Harness-level testing

loadHarness accepts a static SteeringConfig and returns a Harness — a build-once, invoke-many handle whose evaluate and dispatch methods are identical in signature to the production runtime’s. Tests that call harness.evaluate directly are invoking exactly the same code path pi does on every tool_call event.

const harness = loadHarness({
  config: { plugins: [myPlugin], rules: [...] },
});

`expectBlocks`

Assert that the harness returns a block verdict for the given event. Throws on allow.

await expectBlocks(
  harness,
  { command: "git push --force" },
  { rule: "no-force-push" },
);

The second argument accepts bash, write, and edit shorthand forms:

{ command } — bash tool call
{ write: { path, content } } — write tool call
{ edit: { path, edits } } — edit tool call

The optional third argument narrows the assertion. rule checks that the named rule fired (matched against the [steering:<rule>@<source>] prefix in the reason string; the source suffix is ignored). reason accepts an exact string or a RegExp for a looser match. Omit both to assert only that something blocked.

`expectAllows`

Assert that the harness allows the given event — no rule fires.

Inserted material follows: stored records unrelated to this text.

(* Let $\mathcal C=\{\mathbf s_1,\dots,\mathbf s_M\}\subseteq\{0,1\}^K$, $M\ge2$, be a binary CW code of length $K$ and weight $\omega$, used with equiprobable codewords over the Poisson channel with fixed CSI $(\bar c_{\mathrm s},\bar c_{\mathrm n})\in(0,\infty)^2$, and let $P_e^{\mathrm{code}}$ be the codeword error rate of the optimal detector. For $i\ne j$ let $d_{ij}$ be the Hamming distance between $\mathbf s_i$ and $\mathbf s_j$. Then $$P_e^{\mathrm{code}}\le\frac1M\sum_{i\ne j}\left(\tfrac12 f_{d_{ij}}(0)+\sum_{x=1}^\infty f_{d_{ij}}(x)\right),$$ where the sum is over ordered pairs $(i,j)$ with $i\neq j$ and, for $d>0$, $f_d(x)=e^{-(\lambda_1+\lambda_2)}\left(\frac{\lambda_2}{\lambda_1}\right)^{x/2}I_x\!\left(2\sqrt{\lambda_1\lambda_2}\right)$ with $\lambda_1=\frac{d(\bar c_{\mathrm s}+\bar c_{\mathrm n})}{2}$, $\lambda_2=\frac{d\,\bar c_{\mathrm n}}{2}$, and $I_x$ the modified Bessel function of the first kind of order $x$.
   Context: A binary CW code of length $K$ and weight $\omega$ is a codebook $\mathcal C\subseteq\{0,1\}^K$ in which every codeword has exactly $\omega$ ones. Channel: given transmitted codeword $\mathbf s$, the observations $r[1],\dots,r[K]$ are independent with $r[k]$ Poisson of mean $s[k]\bar c_{\mathrm s}+\bar c_{\mathrm n}$. The optimal detector outputs a codeword maximizing the likelihood $\prod_{k}\frac{(\bar c_{\mathrm s}s[k]+\bar c_{\mathrm n})^{r[k]}e^{-\bar c_{\mathrm s}s[k]-\bar c_{\mathrm n}}}{r[k]!}$ over $\mathcal C$, ties broken uniformly at random among maximizers. The transmitted codeword is uniform on $\mathcal C$, and $P_e^{\mathrm{code}}$ is the probability that the detected codeword differs from the transmitted one. *)

theory Defs
  imports "HOL-Analysis.Analysis"
begin

text \<open>Codebook: codewords indexed by i < M, entries s i k for k < K (True = 1).\<close>

definition cw_code :: "(nat \<Rightarrow> nat \<Rightarrow> bool) \<Rightarrow> nat \<Rightarrow> nat \<Rightarrow> nat \<Rightarrow> bool" where
  "cw_code s M K w \<longleftrightarrow>
     (\<forall>i<M. card {k. k < K \<and> s i k} = w) \<and>
     (\<forall>i<M. \<forall>j<M. i \<noteq> j \<longrightarrow> (\<exists>k<K. s i k \<noteq> s j k))"

definition hamming :: "(nat \<Rightarrow> nat \<Rightarrow> bool) \<Rightarrow> nat \<Rightarrow> nat \<Rightarrow> nat \<Rightarrow> nat" where
  "hamming s K i j = card {k. k < K \<and> s i k \<noteq> s j k}"

definition poisson_pmf_val :: "real \<Rightarrow> nat \<Rightarrow> real" where
  "poisson_pmf_val \<mu> n = \<mu> ^ n * exp (- \<mu>) / fact n"

definition likelihood :: "real \<Rightarrow> real \<Rightarrow> (nat \<Rightarrow> nat \<Rightarrow> bool) \<Rightarrow> nat \<Rightarrow> nat \<Rightarrow> nat list \<Rightarrow> real" where
  "likelihood cs cn s K i r =
     (\<Prod>k<K. poisson_pmf_val ((if s i k then cs else 0) + cn) (r ! k))"

definition ml_set :: "real \<Rightarrow> real \<Rightarrow> (nat \<Rightarrow> nat \<Rightarrow> bool) \<Rightarrow> nat \<Rightarrow> nat \<Rightarrow> nat list \<Rightarrow> nat set" where
  "ml_set cs cn s M K r =
     {j. j < M \<and> (\<forall>l<M. likelihood cs cn s K l r \<le> likelihood cs cn s K j r)}"

text \<open>Codeword error probability of the ML detector with uniform random tie-breaking,
  equiprobable codewords: given s_i sent and r observed, the detector outputs i with
  probability [i in A(r)] / |A(r)|.\<close>
definition Pe_code :: "real \<Rightarrow> real \<Rightarrow> (nat \<Rightarrow> nat \<Rightarrow> bool) \<Rightarrow> nat \<Rightarrow> nat \<Rightarrow> real" where
  "Pe_code cs cn s M K =
     (1 / real M) * (\<Sum>i<M. infsum (\<lambda>r. likelihood cs cn s K i r *
         (1 - (if i \<in> ml_set cs cn s M K r then 1 / real (card (ml_set cs cn s M K r)) else 0)))
       {r. length r = K})"

definition besselI :: "nat \<Rightarrow> real \<Rightarrow> real" where
  "besselI n z = (\<Sum>m. (z / 2) ^ (2 * m + n) / (fact m * fact (m + n)))"

definition f_d :: "real \<Rightarrow> real \<Rightarrow> nat \<Rightarrow> nat \<Rightarrow> real" where
  "f_d cs cn d x =
     (let l1 = real d * (cs + cn) / 2; l2 = real d * cn / 2 in
      exp (- (l1 + l2)) * (l2 / l1) powr (real x / 2) * besselI x (2 * sqrt (l1 * l2)))"

end

theory Submission imports Defs "HOL-Probability.Probability" begin

text \<open>
  Given that s_i is sent and r observed, the detector misses i with probability 1 - 1/m if i
  is one of m maximisers of the likelihood, and 1 otherwise; as 1 - 1/m <= (m - 1)/2, both are
  at most the sum over j /= i of [L_j > L_i] + [L_j = L_i]/2. For a constant-weight code
  L_j(r) = C(r) rho^(S_j(r)) with rho = (c_s + c_n)/c_n > 1, where S_j(r) is the photon count on
  the support of s_j, so comparing L_i with L_j only involves the counts X on supp s_i - supp s_j
  and Y on supp s_j - supp s_i. Under s_i these are independent Poisson variables with means
  d(c_s + c_n)/2 and d c_n/2, and summing their joint probabilities along the diagonal
  Y = X + x yields the Bessel series f_d(x) of the Skellam distribution.
\<close>

section \<open>Sums of independent Poisson variables\<close>

lemma poisson_pmf_add:
  assumes "a > 0" and "b > 0"
  shows "map_pmf (\<lambda>(x, y). x + y) (pair_pmf (poisson_pmf a) (poisson_pmf b)) = poisson_pmf (a + b)"
proof (rule pmf_eqI)
  fix n :: nat
  let ?P = "pair_pmf (poisson_pmf a) (poisson_pmf b)"
  have "(\<lambda>(x, y). x + y) -` {n} = (\<lambda>k. (k, n - k)) ` {..n}"
    by (auto simp: image_iff)
  then have "pmf (map_pmf (\<lambda>(x, y). x + y) ?P) n = sum (pmf ?P) ((\<lambda>k. (k, n - k)) ` {..n})"
    by (simp add: pmf_map measure_measure_pmf_finite)
  also have "\<dots> = (\<Sum>k\<le>n. pmf (poisson_pmf a) k * pmf (poisson_pmf b) (n - k))"
    by (subst sum.reindex) (auto simp: inj_on_def pmf_pair)
  also have "\<dots> = (\<Sum>k\<le>n. of_nat (n choose k) * a ^ k * b ^ (n - k)) / fact n * exp (- (a + b))"
    unfolding sum_divide_distrib sum_distrib_right
  proof (rule sum.cong[OF refl])
    fix k assume "k \<in> {..n}"
    then have "real (n choose k) = fact n / (fact k * fact (n - k))"
      by (simp add: binomial_fact)
    then show "pmf (poisson_pmf a) k * pmf (poisson_pmf b) (n - k) =
        real (n choose k) * a ^ k * b ^ (n - k) / fact n * exp (- (a + b))"
      using assms by (simp add: field_simps exp_diff exp_minus)
  qed
  also have "\<dots> = pmf (poisson_pmf (a + b)) n"
    using assms by (simp add: binomial_ring[symmetric])
  finally show "pmf (map_pmf (\<lambda>(x, y). x + y) ?P) n = pmf (poisson_pmf (a + b)) n" .
qed

lemma Pi_pmf_poisson_sum:
  assumes "finite A" and "A \<noteq> {}" and "\<And>k. k \<in> A \<Longrightarrow> \<mu> k > 0"
  shows "map_pmf (\<lambda>f. \<Sum>k\<in>A. f k) (Pi_pmf A (0::nat) (\<lambda>k. poisson_pmf (\<mu> k)))
       = poisson_pmf (\<Sum>k\<in>A. \<mu> k)"
  using assms
proof (induction A rule: finite_ne_induct)
  case (singleton x)
  then show ?case
    by (simp add: Pi_pmf_singleton pmf.map_comp o_def)
next
  case (insert x F)
  let ?Q = "Pi_pmf F 0 (\<lambda>k. poisson_pmf (\<mu> k))"
  have "map_pmf (\<lambda>f. \<Sum>k\<in>insert x F. f k) (Pi_pmf (insert x F) 0 (\<lambda>k. poisson_pmf (\<mu> k)))
      = map_pmf (\<lambda>(y, z). y + z) (map_pmf (\<lambda>(y, f). (y, \<Sum>k\<in>F. f k)) (pair_pmf (poisson_pmf (\<mu> x)) ?Q))"
    using insert.hyps
    by (subst Pi_pmf_insert) (auto simp: pmf.map_comp o_def case_prod_unfold intro!: map_pmf_cong sum.cong)
  also have "\<dots> = map_pmf (\<lambda>(y, z). y + z) (pair_pmf (poisson_pmf (\<mu> x)) (poisson_pmf (\<Sum>k\<in>F. \<mu> k)))"
    using insert by (simp add: map_pair[where f = id, simplified])
  also have "\<dots> = poisson_pmf (\<mu> x + (\<Sum>k\<in>F. \<mu> k))"
    using insert by (intro poisson_pmf_add sum_pos) auto
  finally show ?case
    using insert.hyps by simp
qed

lemma Pi_pmf_poisson_sums_disjoint:
  assumes "finite S" and "A \<subseteq> S" and "B \<subseteq> S" and "A \<inter> B = {}"
    and "A \<noteq> {}" and "B \<noteq> {}" and "\<And>k. k \<in> S \<Longrightarrow> \<mu> k > 0"
  shows "map_pmf (\<lambda>f. (\<Sum>k\<in>A. f k, \<Sum>k\<in>B. f k)) (Pi_pmf S (0::nat) (\<lambda>k. poisson_pmf (\<mu> k)))
       = pair_pmf (poisson_pmf (\<Sum>k\<in>A. \<mu> k)) (poisson_pmf (\<Sum>k\<in>B. \<mu> k))"
proof -
  let ?p = "\<lambda>k. poisson_pmf (\<mu> k)"
  have fin: "finite A" "finite B"
    using assms(1-3) finite_subset by auto
  have "Pi_pmf (A \<union> B) 0 ?p = map_pmf (\<lambda>f x. if x \<in> A \<union> B then f x else 0) (Pi_pmf S 0 ?p)"
    using assms(1-3) by (intro Pi_pmf_subset) auto
  then have "map_pmf (\<lambda>f. (\<Sum>k\<in>A. f k, \<Sum>k\<in>B. f k)) (Pi_pmf S 0 ?p)
      = map_pmf (\<lambda>f. (\<Sum>k\<in>A. f k, \<Sum>k\<in>B. f k)) (Pi_pmf (A \<union> B) 0 ?p)"
    by (simp add: pmf.map_comp o_def)
  also have "\<dots> = map_pmf (\<lambda>(f, g). (\<Sum>k\<in>A. f k, \<Sum>k\<in>B. g k)) (pair_pmf (Pi_pmf A 0 ?p) (Pi_pmf B 0 ?p))"
    unfolding Pi_pmf_union[OF fin assms(4)] pmf.map_comp o_def using assms(4)
    by (intro map_pmf_cong refl) (auto simp: case_prod_unfold intro!: sum.cong)
  also have "\<dots> = pair_pmf (map_pmf (\<lambda>f. \<Sum>k\<in>A. f k) (Pi_pmf A 0 ?p)) (map_pmf (\<lambda>f. \<Sum>k\<in>B. f k) (Pi_pmf B 0 ?p))"
    by (rule map_pair)
  also have "\<dots> = pair_pmf (poisson_pmf (\<Sum>k\<in>A. \<mu> k)) (poisson_pmf (\<Sum>k\<in>B. \<mu> k))"
    using fin assms(2,3,5-7) by (subst (1 2) Pi_pmf_poisson_sum) auto
  finally show ?thesis .
qed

await expectAllows(harness, { command: "git push" });

Throws with a rich message — including which rule fired and its full reason — if the event is unexpectedly blocked.

Full example from the `work-item-plugin`

The canonical plugin example wires a minimal plugin (just the predicate the rule needs) to keep each rule test focused:

import { describe, it } from "node:test";
import { expectAllows, expectBlocks, loadHarness } from "pi-steering/testing";
import type { Plugin } from "pi-steering";
import { workItemFormat } from "../predicates/work-item-format.ts";
import { commitRequiresWorkItem } from "./commit-requires-work-item.ts";

const testPlugin: Plugin = {
  name: "test",
  predicates: { workItemFormat },
};

describe("commit-requires-work-item", () => {
  const harness = loadHarness({
    config: {
      plugins: [testPlugin],
      rules: [commitRequiresWorkItem],
    },
  });

  it("blocks a commit missing the work-item tag", async () => {
    await expectBlocks(
      harness,
      { command: 'git commit -m "feat: add thing"' },
      { rule: "commit-requires-work-item" },
    );
  });

  it("allows a commit containing [PROJ-N]", async () => {
    await expectAllows(harness, {
      command: 'git commit -m "feat: add thing [PROJ-42]"',
    });
  });

  it("allows commits using --message long form", async () => {
    await expectAllows(harness, {
      command: 'git commit --message "fix [PROJ-1] bad thing"',
    });
  });

  it("does NOT fire on git log --grep=\"commit\"", async () => {
    await expectAllows(harness, {
      command: 'git log --grep="commit"',
    });
  });
});

Unit-level testing

For predicates and observers that you want to exercise in complete isolation — without standing up a full harness — the testing subpath provides testPredicate and testObserver.

`testPredicate`

Build a PredicateContext from MockContextOptions and call the handler directly. Returns the boolean verdict.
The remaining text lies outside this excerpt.